[RECORDS]
lemma SE_ISS_VSR_if_lyapunov_family:
  fixes F :: "'a::real_normed_vector \<Rightarrow> 'b::real_normed_vector \<Rightarrow> real \<Rightarrow> 'a"
  assumes "0 < N" "0 < K1" "0 < K2" "0 < K3" and \<gamma>: "class_K_inf \<gamma>"
    and gain: "\<And>E. 0 \<le> E \<Longrightarrow> \<exists>Tg>0. \<forall>x e T. norm e \<le> E \<and> norm x \<le> \<rho> (norm e) \<and> 0 < T \<and> T < Tg \<longrightarrow>
                                            norm (F x e T) \<le> \<gamma> (norm e)"
    and lyapunov: "\<And>M E. 0 \<le> M \<Longrightarrow> 0 \<le> E \<Longrightarrow>
                (\<exists>Tt > 0. \<exists>V :: 'a \<Rightarrow> ereal.
                   (\<forall>x. V x \<ge> 0) \<and>
                   (\<forall>x. ereal (K1 * norm x powr N) \<le> V x) \<and>
                   (\<forall>x. norm x \<le> M \<longrightarrow> V x \<le> ereal (K2 * norm x powr N)) \<and>
                   (\<forall>x e T. \<rho> (norm e) \<le> norm x \<and> norm x \<le> M \<and> norm e \<le> E \<and> 0 < T \<and> T < Tt \<longrightarrow>
                       V (F x e T) - V x \<le> ereal (- T * (K3 * norm x powr N))))"
  shows "SE_ISS_VSR F"
proof -
  define K where "K = max 1 ((K2 / K1) powr (1 / N))"
  define lam where "lam = K3 / (K2 * N)"
  have "1 \<le> K" "0 < lam" "lam * N = K3 / K2"
    using assms(1-4) unfolding K_def lam_def by auto
  have "\<exists>Tstar>0. \<forall>Ts\<in>Phi Tstar. \<forall>e x. (\<forall>i. norm (e i) \<le> E) \<and> norm (x 0) \<le> M \<and>
           (\<forall>k. x (Suc k) = F (x k) (e k) (Ts k)) \<longrightarrow>
           (\<forall>k. norm (x k) \<le> K * norm (x 0) * exp (- lam * (\<Sum>i<k. Ts i)) + K * \<gamma> (sup_upto e k))"
    if "0 \<le> M" "0 \<le> E" for M E
  proof -
    define R where "R = K * max M (\<gamma> E)"
    have "0 \<le> R"
      unfolding R_def using \<open>1 \<le> K\<close> \<open>0 \<le> M\<close> by (simp add: le_max_iff_disj)
    then obtain Tt V where "0 < Tt"
      and V: "\<forall>x. ereal (K1 * norm x powr N) \<le> V x" "\<forall>x. norm x \<le> R \<longrightarrow> V x \<le> ereal (K2 * norm x powr N)"
        "\<forall>x e T. \<rho> (norm e) \<le> norm x \<and> norm x \<le> R \<and> norm e \<le> E \<and> 0 < T \<and> T < Tt \<longrightarrow>
                   V (F x e T) - V x \<le> ereal (- T * (K3 * norm x powr N))"
      using lyapunov[OF _ \<open>0 \<le> E\<close>] by blast
    obtain Tg where "0 < Tg" and small_gain: "\<forall>x e T. norm e \<le> E \<and> norm x \<le> \<rho> (norm e) \<and> 0 < T \<and> T < Tg \<longrightarrow>
                                            norm (F x e T) \<le> \<gamma> (norm e)"
      using gain[OF \<open>0 \<le> E\<close>] by blast
    interpret iss_lyapunov F V \<rho> \<gamma> N K1 K2 K3 K lam M E R "min Tt Tg"
      using assms(1-3) \<gamma> \<open>1 \<le> K\<close> \<open>0 < lam\<close> \<open>lam * N = K3 / K2\<close> V small_gain
      by unfold_locales (auto simp: K_def R_def class_K_inf_def)
    show ?thesis
      using \<open>0 < Tt\<close> \<open>0 < Tg\<close> trajectory_bound by (intro exI[of _ "min Tt Tg"]) auto
  qed
  then show ?thesis
    unfolding SE_ISS_VSR_def using \<open>1 \<le> K\<close> \<open>0 < lam\<close> class_K_inf_cmult[OF _ \<gamma>, of K]
    by (intro exI[of _ K] exI[of _ lam] exI[of _ "\<lambda>s. K * \<gamma> s"]) auto
qed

[AIM OF THE TASK]
Only the lines with "define" are needed; find them in the records and copy each one.

[RESULT OF THIS EXERCISE]
  define K where "K = max 1 ((K2 / K1) powr (1 / N))"
  define lam where "lam = K3 / (K2 * N)"
    define R where "R = K * max M (\<gamma> E)"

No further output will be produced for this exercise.